3 reviews2 followers
March 15, 2021
Jones writes eloquently and on a wide variety of topics all interspersed with lovely musings on Waller Creek, which alternatively is Austin’s trash repository and Austin’s outdoor classroom. But perhaps the take away at the end, is that it is both! As someone who grew up in the Waller Creek watershed and went to the University of Texas on its banks, Jones expertly captures the muddled state of this much loved and abused waterway, which has surprisingly changed little since the publication of Life on Waller Creek. Things are stirring in both the headwaters and the urban core nowadays, efforts which seem to align with Jones’ philosophy of a the creek as a crucial natural respite and restoring the ecology (or letting it well alone).
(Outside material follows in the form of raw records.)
theorem proposition3p2:
  fixes \<sigma> \<delta> :: "'a::division_ring \<Rightarrow> 'a" and a b :: 'a
  assumes "ring_endo \<sigma>" and "sigma_derivation \<sigma> \<delta>"
  shows "(rf_defined_at \<sigma> \<delta> (spTminus b, spconst 1) a \<longleftrightarrow>
            b \<notin> sd_class \<sigma> \<delta> a \<and>
            (\<forall>c\<in>sd_class \<sigma> \<delta> a. \<exists>x. \<sigma> x * c + \<delta> x - b * x = 1))
       \<and> (rf_defined_at \<sigma> \<delta> (spTminus b, spconst 1) a \<longrightarrow>
            (\<exists>!x. \<sigma> x * a + \<delta> x - b * x = 1) \<and>
            \<sigma> (rf_value \<sigma> \<delta> (spTminus b, spconst 1) a) * a + \<delta> (rf_value \<sigma> \<delta> (spTminus b, spconst 1) a)
              - b * rf_value \<sigma> \<delta> (spTminus b, spconst 1) a = 1)"
proof -
  interpret ore_extension \<sigma> \<delta> using assms by (rule ore_extension.intro)
  have eval: "speval \<sigma> \<delta> (spTminus b) = (\<lambda>c. c - b)" "speval \<sigma> \<delta> (spconst 1) = (\<lambda>_. 1)"
    by (simp_all add: fun_eq_iff speval_spTminus speval_spconst)
  have defined_iff: "rf_defined_at \<sigma> \<delta> (spTminus b, spconst 1) a
      \<longleftrightarrow> skew_invertible_on \<sigma> \<delta> (sd_class \<sigma> \<delta> a) (\<lambda>c. c - b)"
    by (simp add: rf_defined_at_def min_rep_inverse_Tminus eval)
  have value_eq: "rf_value \<sigma> \<delta> (spTminus b, spconst 1) a = skew_inv \<sigma> \<delta> (sd_class \<sigma> \<delta> a) (\<lambda>c. c - b) a"
    by (simp add: rf_value_def min_rep_inverse_Tminus eval skew_prod_def sd_act_one)
  show ?thesis
  proof (intro conjI impI)
    show "rf_defined_at \<sigma> \<delta> (spTminus b, spconst 1) a \<longleftrightarrow>
        b \<notin> sd_class \<sigma> \<delta> a \<and> (\<forall>c\<in>sd_class \<sigma> \<delta> a. \<exists>x. \<sigma> x * c + \<delta> x - b * x = 1)"
      unfolding defined_iff by (rule skew_invertible_on_Tminus_iff)
  next
    assume "rf_defined_at \<sigma> \<delta> (spTminus b, spconst 1) a"
    then have inv: "skew_invertible_on \<sigma> \<delta> (sd_class \<sigma> \<delta> a) (\<lambda>c. c - b)"
      and b: "b \<notin> sd_class \<sigma> \<delta> a"
      using defined_iff skew_invertible_on_Tminus_iff by blast+
    show "\<exists>!x. \<sigma> x * a + \<delta> x - b * x = 1"
      using skew_inv_Tminus_solution[OF inv] solution_unique[OF b] by blast
    show "\<sigma> (rf_value \<sigma> \<delta> (spTminus b, spconst 1) a) * a + \<delta> (rf_value \<sigma> \<delta> (spTminus b, spconst 1) a)
        - b * rf_value \<sigma> \<delta> (spTminus b, spconst 1) a = 1"
      unfolding value_eq by (rule skew_inv_Tminus_solution[OF inv])
  qed
qed

end
(* Let $\Theta$ and $\Theta'$ be two flow rules defined respectively by positive measurable functions $\phi$ and $\phi'$ via $\Theta_T(i) = \phi(T[i]) / \sum_{j=1}^{\nu_T(\varnothing)} \phi(T[j])$ and $\Theta'_T(i) = \phi'(T[i]) / \sum_{j=1}^{\nu_T(\varnothing)} \phi'(T[j])$ for $1 \leq i \leq \nu_T(\varnothing)$. Then $\Theta_T = \Theta'_T$ almost surely if and only if the functions $\phi$ and $\phi'$ are proportional.
   Context: Trees are rooted, planar, locally finite, leafless trees (Neveu formalism: subsets of finite words on $\{1,2,\dots\}$ containing the root $\varnothing$), each vertex $x$ carrying a non-negative real mark. For a vertex $x$ of a marked tree $t$, $t[x]$ is the reindexed marked subtree rooted at $x$, and $\nu_t(x)$ is the number of children of $x$. Let $\mathbf{p}=(p_k)_{k\ge0}$ be a reproduction law with $p_0 = 0$, $p_1 < 1$ and finite mean $m$, and let $\Gamma$ be a random variable with values in $\mathbb{R}_+$. A $(\Gamma,\mathbf{p})$-Galton-Watson tree $T$ is a Galton-Watson tree with reproduction law $\mathbf{p}$ carrying i.i.d. marks distributed as $\Gamma$; its law is denoted $\mathrm{GW}$. A flow on a tree $t$ is a function $\theta: t\to[0,1]$ with $\theta(\varnothing)=1$ and $\theta(x)=\sum_{i=1}^{\nu_t(x)}\theta(xi)$; a ($\mathrm{GW}$-)flow rule is a measurable map $t\mapsto\Theta_t$, defined on a Borel set of full $\mathrm{GW}$-measure, assigning to each tree a flow with $\Theta_t(x)>0$ for all $x$ and satisfying the consistency relation $\Theta_{t[x]}(y)=\Theta_t(xy)/\Theta_t(x)$. Here $\phi$ and $\phi'$ are measurable positive functions defined on a Borel set of marked leafless trees of full $\mathrm{GW}$-measure, and the flow rules are determined on the first generation by the displayed formula and extended by consistency. *)

theory Defs
  imports "HOL-Probability.Probability"
begin
lemma circuit_triple_summands_in_ideal:
  assumes c: "circuit n cs" and V: "V = X \<or> V = Y"
    and K: "p \<in> {1..length cs}" "q \<in> {1..length cs}" "r \<in> {1..length cs}"
    and pqr: "p < q" "q < r"
  defines "h \<equiv> \<lambda>i j m. - ((-1) ^ (i + j + count_below ({1..length cs} - {i, j}) m) *
      (edge_diff V cs i * (d_omega_edge cs m * ordered_prod (omega_edge cs) ({1..length cs} - {i, j} - {m}))))"
  shows "h p q r + h p r q + h q r p \<in> E2_ideal n"
proof -
  let ?K = "{1..length cs}" and ?e = "edge_diff V cs" and ?d = "d_omega_edge cs"
  let ?z = "ordered_prod (omega_edge cs) (?K - {p, q, r})"
  \<comment> \<open>the three summands of a triple carry consecutive signs\<close>
  define s where "s = p + q + (r - 3)"
  have "{p, q} \<inter> {..<r} = {p, q}" "{p, r} \<inter> {..<q} = {p}" "{q, r} \<inter> {..<p} = {}"
    using pqr by auto
  then have "p + q + count_below (?K - {p, q}) r = s"
    "p + r + count_below (?K - {p, r}) q = Suc s"
    "q + r + count_below (?K - {q, r}) p = Suc (Suc s)"
    using K pqr count_below_interval_diff[of r "length cs" "{p, q}"]
      count_below_interval_diff[of q "length cs" "{p, r}"]
      count_below_interval_diff[of p "length cs" "{q, r}"]
    by (simp_all add: s_def)
  moreover have "?K - {p, q} - {r} = ?K - {p, q, r}" "?K - {p, r} - {q} = ?K - {p, q, r}"
    "?K - {q, r} - {p} = ?K - {p, q, r}"
    by auto
  ultimately have "h p q r + h p r q + h q r p =
      - ((-1) ^ s * (?e p * (?d r * ?z) - ?e p * (?d q * ?z) + ?e q * (?d p * ?z)))"
    by (simp add: h_def algebra_simps)
  also have "\<dots> \<in> E2_ideal n"
    using circuit_triple_in_ideal[OF c V K pqr]
    by (intro E2_ideal_uminus E2_ideal_mult_left supported_neg1_power)
  finally show ?thesis .
qed

lemma filter_upt_eq_sorted_list_of_set:
  "filter (\<lambda>m. m \<noteq> i \<and> m \<noteq> j) [1..<k + 1] = sorted_list_of_set ({1..k} - {i, j})"
proof -
  let ?xs = "filter (\<lambda>m. m \<noteq> i \<and> m \<noteq> j) [1..<k + 1]"
  have "set ?xs = {1..k} - {i, j}" by auto
  moreover have "sorted ?xs" by (rule sorted_wrt_filter, rule sorted_upt)
  moreover have "distinct ?xs" by simp
  ultimately show ?thesis
    by (metis sorted_list_of_set_sort_remdups distinct_remdups_id sorted_sort_id)
qed

lemma omega_minus_eq:
  "omega_minus cs i j = coeff (ordered_prod (omega_edge cs) ({1..length cs} - {i, j}))"
proof -
  have "eprod (map (\<lambda>m. coeff (f m)) xs) = coeff (prod_list (map f xs))" for f :: "nat \<Rightarrow> exterior" and xs
    by (induction xs) (simp_all add: eprod_def coeff_simps)
  moreover have "wg (edge_src cs m) (edge_tgt cs m) = coeff (omega_edge cs m)" for m
    by (simp add: wg_def omega_edge_def coeff_generator)
  ultimately show ?thesis
    unfolding omega_minus_def ordered_prod_def filter_upt_eq_sorted_list_of_set
    by (simp add: edge_src_def edge_tgt_def)
qed

lemma L_C_eq_coeff:
  "L_C (\<lambda>i. mon {V i}) cs = coeff (\<Sum>(i, j)\<in>{(i, j). i \<in> {1..length cs} \<and> j \<in> {1..length cs} \<and> i < j}.
     (-1) ^ (i + j) * (edge_diff V cs i * ordered_prod (omega_edge cs) ({1..length cs} - {i, j})))"
proof -
  have "esc ((-1) ^ (i + j)) (emult (esub (mon {V (snd (cs ! (i - 1)))}) (mon {V (fst (cs ! (i - 1)))}))
      (omega_minus cs i j)) =
    coeff ((-1) ^ (i + j) * (edge_diff V cs i * ordered_prod (omega_edge cs) ({1..length cs} - {i, j})))"
    for i j
    by (simp add: coeff_neg1_power_mult)
      (simp add: coeff_simps coeff_generator edge_diff_def edge_src_def edge_tgt_def omega_minus_eq)
  then show ?thesis
    unfolding L_C_def coeff_sum esum_def by (intro ext sum.cong) auto
qed
lemma fps_cut_nth: "fps_nth (fps_cut s f) k = (if enat k < s then fps_nth f k else 0)"
  by (cases s) (auto simp: fps_cut_def)

lemma fps_cut_infinity [simp]: "fps_cut \<infinity> f = f"
  by (simp add: fps_cut_def)

lemma eval_fps_cut_enat [simp]: "eval_fps (fps_cut (enat n) f) z = poly (trunc_fps n f) z"
  by (simp add: fps_cut_def flip: fps_of_poly_trunc_fps)

lemma fps_conv_radius_fps_cut: "fps_conv_radius f \<le> fps_conv_radius (fps_cut s (f :: complex fps))"
  by (cases s) (simp_all add: fps_cut_def flip: fps_of_poly_trunc_fps)

lemma norm_less_fps_conv_radius_fps_cut:
  fixes f :: "complex fps"
  assumes "norm z < r" "ereal r < fps_conv_radius f"
  shows "norm z < fps_conv_radius (fps_cut s f)"
proof -
  have "ereal (norm z) < ereal r" using assms(1) by simp
  also note assms(2)
  also note fps_conv_radius_fps_cut
  finally show ?thesis .
qed


section \<open>Power series near the origin\<close>

lemma eventually_less_fps_conv_radius:
  assumes "fps_conv_radius f > 0"
  shows "\<forall>\<^sub>F r in at_right 0. ereal r < fps_conv_radius f"
proof -
  obtain \<rho> where "0 < ereal \<rho>" and \<rho>: "ereal \<rho> < fps_conv_radius f"
    using ereal_dense2[OF assms] by blast
  then show ?thesis
    unfolding eventually_at_right_field
    by (intro exI[of _ \<rho>]) (auto intro: order.strict_trans[OF _ \<rho>])
qed

lemma eval_fps_eq_monom_plus_shift:
  fixes g :: "complex fps"
  assumes low: "\<And>k. k < N \<Longrightarrow> fps_nth g k = 0" and z: "norm z < fps_conv_radius g"
  shows "eval_fps g z = fps_nth g N * z ^ N + z ^ Suc N * eval_fps (fps_shift (Suc N) g) z"
proof -
  define h where "h = fps_shift (Suc N) g"
  have "fps_cutoff (Suc N) g = fps_const (fps_nth g N) * fps_X ^ N"
    using low by (intro fps_ext) (auto simp: less_Suc_eq)
  then have g_eq: "g = fps_X ^ Suc N * h + fps_const (fps_nth g N) * fps_X ^ N"
    using fps_shift_cutoff'[of "Suc N" g] by (simp add: h_def)
  have "fps_conv_radius g \<le> fps_conv_radius (fps_X ^ Suc N * h)"
    using fps_conv_radius_mult[of "fps_X ^ Suc N" h] by (simp add: h_def del: power_Suc)
  then have tail: "norm z < fps_conv_radius (fps_X ^ Suc N * h)"
    by (rule order.strict_trans2[OF z])
  have head: "norm z < fps_conv_radius (fps_const (fps_nth g N) * fps_X ^ N)"
    using fps_conv_radius_mult[of "fps_const (fps_nth g N)" "fps_X ^ N"] by simp
  have "eval_fps g z = eval_fps (fps_X ^ Suc N * h) z
      + eval_fps (fps_const (fps_nth g N) * fps_X ^ N) z"
    by (subst g_eq) (rule eval_fps_add[OF tail head])
  also have "\<dots> = fps_nth g N * z ^ N + z ^ Suc N * eval_fps h z"
    using z by (simp add: eval_fps_mult h_def del: power_Suc)
  finally show ?thesis
    by (simp add: h_def)
qed

lemma eval_fps_bounded_near_0:
  fixes h :: "complex fps"
  assumes "fps_conv_radius h > 0"
  shows "\<exists>\<delta>>0. \<exists>C>0. \<forall>z. norm z < \<delta> \<longrightarrow> norm (eval_fps h z) \<le> C"
proof -
  have "0 \<in> eball 0 (fps_conv_radius h)"
    using assms by (simp add: zero_ereal_def)
  then have "isCont (eval_fps h) 0"
    using continuous_on_eval_fps[of h] by (simp add: continuous_on_eq_continuous_at)
  then obtain \<delta> where "\<delta> > 0"
    and near: "\<And>z. dist z 0 < \<delta> \<Longrightarrow> dist (eval_fps h z) (eval_fps h 0) < 1"
    unfolding continuous_at_eps_delta by (meson zero_less_one)
  have "norm (eval_fps h z) \<le> norm (eval_fps h 0) + 1" if "norm z < \<delta>" for z
    using near[of z] that norm_triangle_ineq2[of "eval_fps h z" "eval_fps h 0"]
    by (simp add: dist_norm)
  with \<open>\<delta> > 0\<close> show ?thesis
    by (intro exI[of _ \<delta>] conjI exI[of _ "norm (eval_fps h 0) + 1"]) (auto simp: add_nonneg_pos)
qed

lemma eventually_norm_eval_fps_sub_monom_le:
  fixes g :: "complex fps"
  assumes radius: "fps_conv_radius g > 0" and low: "\<And>k. k < N \<Longrightarrow> fps_nth g k = 0"
    and "\<epsilon> > 0"
  shows "\<forall>\<^sub>F r in at_right 0. \<forall>z. norm z < r \<longrightarrow>
           norm (eval_fps g z - fps_nth g N * z ^ N) \<le> \<epsilon> * r ^ N"
proof -
  define h where "h = fps_shift (Suc N) g"
  obtain \<delta> C where "\<delta> > 0" "C > 0" and bound: "\<And>z. norm z < \<delta> \<Longrightarrow> norm (eval_fps h z) \<le> C"
    using eval_fps_bounded_near_0[of h] radius by (auto simp: h_def)
  have "\<forall>\<^sub>F r in at_right 0. r < min \<delta> (\<epsilon> / C)"
    unfolding eventually_at_right_field using \<open>\<delta> > 0\<close> \<open>\<epsilon> > 0\<close> \<open>C > 0\<close>
    by (intro exI[of _ "min \<delta> (\<epsilon> / C)"]) auto
  with eventually_less_fps_conv_radius[OF radius] eventually_at_right_less[of 0]
  show ?thesis
  proof eventually_elim
    case (elim r)
    show ?case
    proof (intro allI impI)
      fix z :: complex assume z: "norm z < r"
      have "ereal (norm z) < ereal r" using z by simp
      also have "\<dots> < fps_conv_radius g" by (rule elim(1))
      finally have "norm (eval_fps g z - fps_nth g N * z ^ N) = norm z ^ Suc N * norm (eval_fps h z)"
        by (simp add: eval_fps_eq_monom_plus_shift[OF low] h_def norm_mult norm_power
            del: power_Suc)
      also have "\<dots> \<le> r ^ Suc N * C"
        using z elim bound[of z] by (intro mult_mono power_mono) auto
      also have "\<dots> = r ^ N * (r * C)" by simp
      also have "\<dots> \<le> r ^ N * \<epsilon>"
        using elim \<open>C > 0\<close> by (intro mult_left_mono) (auto simp: field_simps)
      finally show "norm (eval_fps g z - fps_nth g N * z ^ N) \<le> \<epsilon> * r ^ N"
        by (simp add: mult.commute)
    qed
  qed
qed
The musings into literature and history can sometimes wax a little long, but this is no trifling book to be picked up and read on a days notice. Life on Waller Creek starts at the beginning of time, and ends sometime in the distant future, and that the author may go out on a limb here and there is not out of order in that scale. It shows that some things in Austin never change: the ever tugging / never balanced tug of development and environment, the complaints about traffic without considering the car, the University polluting the stream with one hand while studying it with another. It does leave me wishing that every long winded book gave little interstices of sifting through the leaves and litter that flow down the urban stream, but not every author can claim to be the “codger on the rocks”. Well deserving a read!